Introduction
Attackers can bypass critical firmware protections in AMD-powered systems during resume from standby, potentially modifying UEFI or other sensitive firmware components. This flaw affects AMD ROM Armor, a hardware-based security technology used in a wide range of consumer and enterprise devices, and could enable persistent compromise at the firmware level.

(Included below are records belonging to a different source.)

(* Let $L,d\in \mathbb{N}$, $q\in [1,\infty]$, $c\in (0,\infty)$, and $N_1,\dots , N_{L-1}\in \mathbb{N}$. Then for every $m\in\mathbb{N}$, \[ \mathrm{err}_m^{MC}\left(\mathcal{H}_{(d,N_1,\dots , N_{L-1},1),c}^q,L^\infty([0,1]^d)\right) \le \begin{cases} 2\sqrt{d}\cdot c^L\cdot m^{-\frac1d} & \text{if } q\le 2, \\ 2\sqrt{d}\cdot c^L\cdot (\sqrt{d}\cdot N_1 \cdots N_{L-1})^{1-\frac{2}{q}}\cdot m^{-\frac1d} & \text{if } q\geq 2 .\end{cases} \]
   Context: ReLU: $\varrho(x)=\max\{0,x\}$, applied componentwise. For an architecture $(N_0,\dots,N_L)$ and coefficients $\Phi=((W^i,b^i))_{i=1}^L$ with $W^i\in\mathbb{R}^{N_i\times N_{i-1}}$, $b^i\in\mathbb{R}^{N_i}$, the realization is $R(\Phi)(x)=x^L$ with $x^0=x$, $x^i=\varrho(W^ix^{i-1}+b^i)$ for $1\le i\le L-1$, $x^L=W^Lx^{L-1}+b^L$. $\|\cdot\|_{\ell^q}$ of a matrix/vector is the entrywise $\ell^q$ norm, $\|\Phi\|_{\ell^q}=\max_i\max\{\|W^i\|_{\ell^q},\|b^i\|_{\ell^q}\}$, and $\mathcal{H}^q_{(N_0,\dots,N_L),c}=\{R(\Phi):\|\Phi\|_{\ell^q}\le c\}$, viewed as functions on $[0,1]^{N_0}$. Here $N_0=d$, $N_L=1$; $2/q=0$ for $q=\infty$. Algorithms: for a Banach space $Y$ and $U\subset C([0,1]^d)\cap Y$, $A:U\to Y$ is an adaptive deterministic method using $m$ point samples if there are $f_1\in[0,1]^d$, maps $f_i:([0,1]^d)^{i-1}\times\mathbb{R}^{i-1}\to[0,1]^d$ and $Q:([0,1]^d)^m\times\mathbb{R}^m\to Y$ such that, with $x_1=f_1$, $x_i=f_i(x_1,\dots,x_{i-1},u(x_1),\dots,u(x_{i-1}))$, $A(u)=Q(x_1,\dots,x_m,u(x_1),\dots,u(x_m))$ for all $u\in U$; these form $\mathrm{Alg}_m(U,Y)$. An adaptive random method using $m$ samples on average is $(\mathbf{A},\mathbf{m})$, $\mathbf{A}=(A_\omega)_{\omega\in\Omega}$ on a probability space, $\mathbf{m}:\Omega\to\mathbb{N}$ measurable with $\mathbb{E}[\mathbf{m}]\le m$, $\omega\mapsto A_\omega(u)$ Borel measurable for each $u$, and $A_\omega\in\mathrm{Alg}_{\mathbf{m}(\omega)}(U,Y)$; these form $\mathrm{Alg}^{MC}_m(U,Y)$. Then $\mathrm{err}^{MC}_m(U,Y)=\inf_{(\mathbf{A},\mathbf{m})\in\mathrm{Alg}^{MC}_m(U,Y)}\sup_{u\in U}\mathbb{E}[\|u-A_\omega(u)\|_Y]$. *)

theory Defs
  imports "HOL-Probability.Probability"
begin

type_synonym point = "nat \<Rightarrow> real"
type_synonym layer = "(nat \<Rightarrow> nat \<Rightarrow> real) \<times> (nat \<Rightarrow> real)"

definition relu :: "real \<Rightarrow> real" where
  "relu x = max 0 x"

definition affine :: "nat \<Rightarrow> (nat \<Rightarrow> nat \<Rightarrow> real) \<Rightarrow> (nat \<Rightarrow> real) \<Rightarrow> point \<Rightarrow> point" where
  "affine n W b x = (\<lambda>i. (\<Sum>j<n. W i j * x j) + b i)"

About AMD and ROM Armor: AMD is a major x86 processor vendor with a global footprint across consumer, enterprise, and data center markets. Its ROM Armor technology is deployed in multiple product lines and is designed to prevent unauthorized modifications to SPI flash memory, which stores UEFI firmware and security-critical configuration data. This mechanism is foundational to the security posture of AMD-based platforms.
Technical Information
CVE-2024-36326 is a missing authorization vulnerability in AMD ROM Armor, specifically triggered during system resume from standby. ROM Armor operates before the operating system initializes, enforcing write restrictions to the SPI flash memory so that only OEM or ODM-controlled System Management Mode (SMM) handlers can modify firmware regions. This is intended to protect the integrity of UEFI and other firmware components.
The vulnerability arises because, during the resume process from a low-power standby state, ROM Armor fails to enforce its usual authorization checks. This creates a timing window where an attacker with local access can bypass ROM Armor protections and write to protected firmware regions. The flaw is classified under CWE-862 (Missing Authorization). Exploitation requires precise timing and local access to the system during the resume phase. No public code snippets or proof of concept are available.
Affected Systems and Versions
- AMD platforms implementing ROM Armor technology are affected. This includes systems using recent AMD processors in both consumer and enterprise segments.
- The vulnerability is present during system resume from standby (low-power) states.
- Specific affected product families and firmware versions are not detailed in the available advisories. Users should consult OEM or system vendor advisories for model-specific information.
Vendor Security History
AMD has previously disclosed vulnerabilities in trusted computing and firmware protection mechanisms, including issues with SPI protection and SMM handler controls. The company publishes coordinated security bulletins (such as AMD-SB-4012) and works with OEMs for remediation. Firmware update distribution can be complex due to the need for vendor-specific builds and testing.